None of which can be applied to Elizabeth Stash Walker. Her younger sister, Gloria, is another story. Beloved since birth, Gloria is all the things Betty—the detested nickname bestowed upon Elizabeth by her baby sister—is not. But Elizabeth has some attributes Gloria appears to lack: cunning, patience, and a connection to Pipits, the family home the elder sister plans to inherit on their mother’s death.

I shut my eyes and attempted to understand this novel, wordless language, one of changes, and rhythms, nature’s voice, quick and exciting as a spark of silver. Slowly some secret, unexplored part of me opened, and then as though I had always known it, I recognized the sweet drumroll of Pipit’s voice call me.

Elizabeth, Elizabeth.

For hours after I was dizzy with the ecstatic feeling of being adored, of being chosen. It was as though lightning had struck and changed the shape of things forever. Straw to gold. Let Mother and Gloria gave each other. I had my beautiful house.

Elizabeth and her husband, Bert, co-own a thriving art gallery. Much of their success can be attributed to Lizzie—the slightly less detested nickname used by Bert. He is older than Elizabeth and quite solicitous toward her. He is also a favorite of her mother, Gloria, and Henry, Gloria’s husband. And Elizabeth/Betty/Lizzie looks forward to a comfortable and respectable life.

But things don’t always go the way we plan.

I am barely in control, and with the excuse of a headache I take to my room. It is a good room, probably the best bedroom in the house. It was my grandfather’s in his last years, the one where he lay on his deathbed. I don’t mind that. Seeing as how I am the only one who ever mentions him, the only one to give him credit for all he achieved here, it is fitting that it should be mine now.

I surrender myself to grief, to a pain like nothing I have ever felt before. I am without a shell, no carapace to absorb Mother’s final blow. Pipits’ walls are damp with tears; it has lost its voice.

I lie on my bed and pull to my chin the patchwork quilt that Mother made for my thirteenth birthday. She thought it odd that I wanted one sewn from the clothes I had grown out of. But they would only have been handed down to Gloria, and she had plenty of her own. I wasn’t about to let her take anything else from me if I could help it. I have a permanent reminder of those clothes now; my mauve cotton blouse, the pajamas with little cherries bouncing over the brushed cotton fabric, my primrose yellow party dress that Gloria once had hopes for.

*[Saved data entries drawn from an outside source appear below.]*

lemma circ_norm_mult_ge:
  assumes irr: "x \<notin> \<rat>" and d: "0 < d" "d < cf_denom x m"
  shows "1 / (2 * real (cf_denom x m)) \<le> circ_norm (real d * x)"
proof -
  have "1 / (2 * real (cf_denom x m)) \<le> 1 / (real (conv_denom x (Suc m)) + real (conv_denom x m))"
    using conv_denom_le_Suc[OF irr, of m] conv_denom_Suc_ge_1[OF irr, of m]
    by (intro divide_left_mono) (auto simp: conv_denom_Suc)
  also have "\<dots> \<le> \<bar>conv_err x m\<bar>"
    by (rule abs_conv_err_ge[OF irr])
  also have "\<dots> \<le> \<bar>of_int (int d) * x - of_int (round (real d * x))\<bar>"
    using d by (intro abs_conv_err_le[OF irr]) (auto simp: conv_denom_Suc)
  finally show ?thesis
    by (simp add: circ_norm_def)
qed

lemma circ_norm_diff_mult_ge:
  assumes irr: "x \<notin> \<rat>" and "y < cf_denom x m" "z < cf_denom x m" "y \<noteq> z"
  shows "1 / (2 * real (cf_denom x m)) \<le> circ_norm (real y * x - real z * x)"
proof -
  have "1 / (2 * real (cf_denom x m)) \<le> circ_norm (real y * x - real z * x)" if "z < y" "y < cf_denom x m" for y z
    using circ_norm_mult_ge[OF irr, of "y - z" m] that by (simp add: of_nat_diff algebra_simps)
  moreover have "circ_norm (real z * x - real y * x) = circ_norm (real y * x - real z * x)"
    using circ_norm_minus[of "real y * x - real z * x"] by simp
  ultimately show ?thesis
    using assms by (metis linorder_neqE_nat)
qed

definition orbit_balls_meet :: "real \<Rightarrow> real \<Rightarrow> nat \<Rightarrow> nat \<Rightarrow> bool" where
  "orbit_balls_meet x \<rho> n n' \<longleftrightarrow>
     circ_ball (real n * x) (\<rho> / real n) \<inter> circ_ball (real n' * x) (\<rho> / real n') \<noteq> {}"

lemma symp_orbit_balls_meet: "symp (orbit_balls_meet x \<rho>)"
  by (rule sympI) (auto simp: orbit_balls_meet_def)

While not particularly likable, Elizabeth to be sympathetic in her own way. I get the nickname thing. I’ve been Debbie, Deb, Debber, Debster, Duck (don’t ask), Sis, Kid, and Smitty. Mostly, I roll with it, but some get on my nerves. And I think everyone knows a Beloved—or perceives someone to be Beloved. It could be a sibling, cousin, or the child of your mother’s best friend who is held up as a shining example of all that is good and right. Someone you will never be able to live up to. And even if everyone else adores this person, and this person treats us well, we sort of hate them.

There are stories I call Stop Now Stories: A Simple Plan, Fargo, Shallow Grave, and any number of sitcoms are Stop Now Stories. The protagonist’s actions make things worse and worse. As the reader, or viewer, you keep thinking, “Just stop now!” But they don’t, and while you may cringe, that is what keeps you interested right until the very end.

Several times reading this, I thought, “Stop now! Just stop.” But the character I was trying to reach didn’t pay any attention. And that’s what made this such a nerve-wracking and fun read.